(Stored data)
lemma pc_Suc:
  assumes "pc P G T t < length (code P T)"
  shows "pc P G T (Suc t) = (case code P T ! pc P G T t of
      Step \<epsilon> \<delta> \<Rightarrow> Suc (pc P G T t)
    | Await n \<kappa> \<Rightarrow> (if \<kappa> (st P G T t) then pc P G T t - n else Suc (pc P G T t)))"
  using assms by (cases "cfg P G T t") (auto simp: pc_def st_def Let_def split: stmt.splits)

lemma pc_less_length_if_executed:
  assumes "enat t < Nsteps P G T"
  shows "pc P G T t < length (code P T)"
proof -
  have "\<not> stops P G T t"
  proof
    assume "stops P G T t"
    then have "Nsteps P G T \<le> enat t"
      by (auto simp: Nsteps_def intro: Least_le)
    with assms show False by simp
  qed
  then show ?thesis by (auto simp: stops_def)
qed

lemma executed_le: "enat t < Nsteps P G T \<Longrightarrow> s \<le> t \<Longrightarrow> enat s < Nsteps P G T"
  by (meson enat_ord_simps(1) le_less_trans)

lemma wf_program_Await:
  assumes "wf_program P" "T \<in> threads P" "k < length (code P T)" "code P T ! k = Await n \<kappa>"
  shows "n \<le> k" "k' \<in> {k - n..<k} \<Longrightarrow> code P T ! k' \<noteq> Await n' \<kappa>'"
  using assms unfolding wf_program_def by blast+

text \<open>A jump into the window (k - n, k] could only come from an await whose own window contains k
  or which lies in the window of k; neither exists, since windows contain no awaits.\<close>
lemma pc_Suc_into_await_window:
  assumes wf: "wf_program P" and T: "T \<in> threads P"
    and s: "pc P G T s < length (code P T)"
    and k: "k < length (code P T)" "code P T ! k = Await n \<kappa>"
    and into: "k - n < pc P G T (Suc s)" "pc P G T (Suc s) \<le> k"
  shows "pc P G T (Suc s) = Suc (pc P G T s)"
proof (cases "code P T ! pc P G T s")
  case (Await n' \<kappa>')
  show ?thesis
  proof (rule ccontr)
    assume "pc P G T (Suc s) \<noteq> Suc (pc P G T s)"
    then have jump_back: "pc P G T (Suc s) = pc P G T s - n'"
      using pc_Suc[OF s] Await by (auto split: if_splits)
    have "n \<le> k" using wf_program_Await(1)[OF wf T k] .
    consider "k < pc P G T s" | "pc P G T s = k" | "pc P G T s < k" by linarith
    then show False
    proof cases
      case 1
      then show False
        using jump_back into wf_program_Await(2)[OF wf T s Await, of k] k by auto
    next
      case 2
      then show False using jump_back into Await k by simp
    next
      case 3
      moreover have "k - n \<le> pc P G T s"
        using jump_back into by arith
      ultimately show False
        using wf_program_Await(2)[OF wf T k, of "pc P G T s" n' \<kappa>'] Await by auto
    qed
  qed
qed (use pc_Suc[OF s] in simp)

lemma pc_before_await:
  assumes wf: "wf_program P" and T: "T \<in> threads P"
    and q: "enat q < Nsteps P G T" and aw: "code P T ! pc P G T q = Await n \<kappa>"
    and "j \<le> n"
  shows "j \<le> q \<and> pc P G T (q - j) = pc P G T q - j"
  using \<open>j \<le> n\<close>
proof (induction j)
  case (Suc j)
  define k where "k = pc P G T q"
  have k: "k < length (code P T)" "code P T ! k = Await n \<kappa>"
    using pc_less_length_if_executed[OF q] aw by (simp_all add: k_def)
  have "n \<le> k" using wf_program_Await(1)[OF wf T k] .
  with Suc have IH: "j \<le> q" "pc P G T (q - j) = k - j" "k - n < k - j"
    by (auto simp: k_def)
  then obtain s where s: "q - j = Suc s"
    by (cases "q - j") auto
  have "s \<le> q" using s by arith
  then have "pc P G T s < length (code P T)"
    by (rule pc_less_length_if_executed[OF executed_le[OF q]])
  with IH s have "pc P G T (Suc s) = Suc (pc P G T s)"
    using pc_Suc_into_await_window[OF wf T _ k] by simp
  moreover have "Suc j \<le> q" "q - Suc j = s" using s by arith+
  ultimately show ?case using IH s by (simp add: k_def)
qed simp

lemma pc_increases_after_forward_step:
  assumes wf: "wf_program P" and T: "T \<in> threads P"
    and outside: "\<not> in_failed_await P G T t"
    and forward: "pc P G T t < pc P G T (Suc t)"
    and "t < s" "enat s < Nsteps P G T"
  shows "pc P G T t < pc P G T s"
  using assms(5,6)
proof (induction s rule: less_induct)
  case (less s)
  then obtain s' where s: "s = Suc s'" "t \<le> s'"
    by (cases s) auto
  have s'N: "enat s' < Nsteps P G T"
    using executed_le[OF less.prems(2)] s by simp
  have s'_pc: "pc P G T s' < length (code P T)"
    using pc_less_length_if_executed[OF s'N] .
  show ?case
  proof (cases "s' = t")
    case False
    then have IH: "pc P G T t < pc P G T s'"
      using less.IH[of s'] s s'N by simp
    show ?thesis
    proof (cases "\<exists>n \<kappa>. code P T ! pc P G T s' = Await n \<kappa> \<and> \<kappa> (st P G T s')")
      case True
      then obtain n \<kappa> where aw: "code P T ! pc P G T s' = Await n \<kappa>" "\<kappa> (st P G T s')"
        by blast
      have jump: "pc P G T s = pc P G T s' - n"
        using pc_Suc[OF s'_pc] aw s by simp
      have "await_step P G T s'" "await_fail P G T s'" "await_start P G T s' = s' - n"
        using s'N s'_pc aw by (simp_all add: await_step_def await_fail_def await_start_def await_len_def)
      with outside s False have "t < s' - n"
        unfolding in_failed_await_def by force
      moreover have "n \<le> s'" "pc P G T (s' - n) = pc P G T s' - n"
        using pc_before_await[OF wf T s'N aw(1) order_refl] by simp_all
      ultimately show ?thesis
        using less.IH[of "s' - n"] s executed_le[OF s'N, of "s' - n"] jump by simp
    next
      case False
      then have "pc P G T s = Suc (pc P G T s')"
        using pc_Suc[OF s'_pc] s by (auto split: stmt.splits)
      with IH show ?thesis by simp
    qed
  qed (use forward s in simp)
qed

lemma write_step_is_Step:
  assumes "is_write (ev P G T t)"
  shows "pc P G T t < length (code P T)" "\<exists>\<epsilon> \<delta>. code P T ! pc P G T t = Step \<epsilon> \<delta>"
  using assms by (auto simp: ev_def split: if_splits stmt.splits)

lemma BE_write_not_in_failed_await:
  "BE P G \<Longrightarrow> T \<in> threads P \<Longrightarrow> is_write (ev P G T t) \<Longrightarrow> \<not> in_failed_await P G T t"
  unfolding BE_def in_failed_await_def by blast

lemma BE_inj_on_pc_write_steps:
  assumes wf: "wf_program P" and be: "BE P G"
  shows "inj_on (\<lambda>(T, t). (T, pc P G T t)) (write_steps P G)"
proof -
  have less: "pc P G T t < pc P G T t'"
    if "(T, t) \<in> write_steps P G" "(T, t') \<in> write_steps P G" "t < t'" for T t t'
  proof -
    have T: "T \<in> threads P" and w: "is_write (ev P G T t)" and t'N: "enat t' < Nsteps P G T"
      using that by (auto simp: write_steps_def)
    have "pc P G T (Suc t) = Suc (pc P G T t)"
      using write_step_is_Step[OF w] pc_Suc by fastforce
    then show ?thesis
      using pc_increases_after_forward_step[OF wf T BE_write_not_in_failed_await[OF be T w]]
        that(3) t'N by simp
  qed
  show ?thesis
    by (rule inj_onI) (clarsimp, metis less less_irrefl nat_neq_iff)
qed

lemma BE_card_write_steps_le:
  assumes wf: "wf_program P" and be: "BE P G"
  shows "finite (write_steps P G) \<and> card (write_steps P G) \<le> (\<Sum>T\<in>threads P. length (code P T))"
proof -
  let ?S = "SIGMA T:threads P. {..<length (code P T)}"
  have fin: "finite ?S"
    using wf by (simp add: wf_program_def)
  have sub: "(\<lambda>(T, t). (T, pc P G T t)) ` write_steps P G \<subseteq> ?S"
    using write_step_is_Step(1) by (fastforce simp: write_steps_def)
  note inj = BE_inj_on_pc_write_steps[OF wf be]
  have "card (write_steps P G) \<le> card ?S"
    using card_inj_on_le[OF inj sub fin] .
  also have "card ?S = (\<Sum>T\<in>threads P. length (code P T))"
    using wf by (simp add: wf_program_def card_SigmaI)
  finally show ?thesis
    using inj sub fin by (meson finite_imageD finite_subset)
qed

theorem lemma9:
  fixes P :: "('thr, 'reg::finite, 'val::finite, 'loc::finite) program"
    and consM :: "('thr, 'loc, 'val) egraph \<Rightarrow> bool"
  assumes "wf_program P"
    and "\<forall>G. consMP P consM G \<longrightarrow> BE P G"
  shows "\<exists>b::nat. \<forall>G. consMP P consM G \<longrightarrow> finite (write_steps P G) \<and> card (write_steps P G) \<le> b"
  using BE_card_write_steps_le[OF assms(1)] assms(2) by blast

end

### What to work on
Return only the exact lines from the opening of the records through the line that contains "n \<kappa> \<Rightarrow>", both included.

### Worked solution
lemma pc_Suc:
  assumes "pc P G T t < length (code P T)"
  shows "pc P G T (Suc t) = (case code P T ! pc P G T t of
      Step \<epsilon> \<delta> \<Rightarrow> Suc (pc P G T t)
    | Await n \<kappa> \<Rightarrow> (if \<kappa> (st P G T t) then pc P G T t - n else Suc (pc P G T t)))"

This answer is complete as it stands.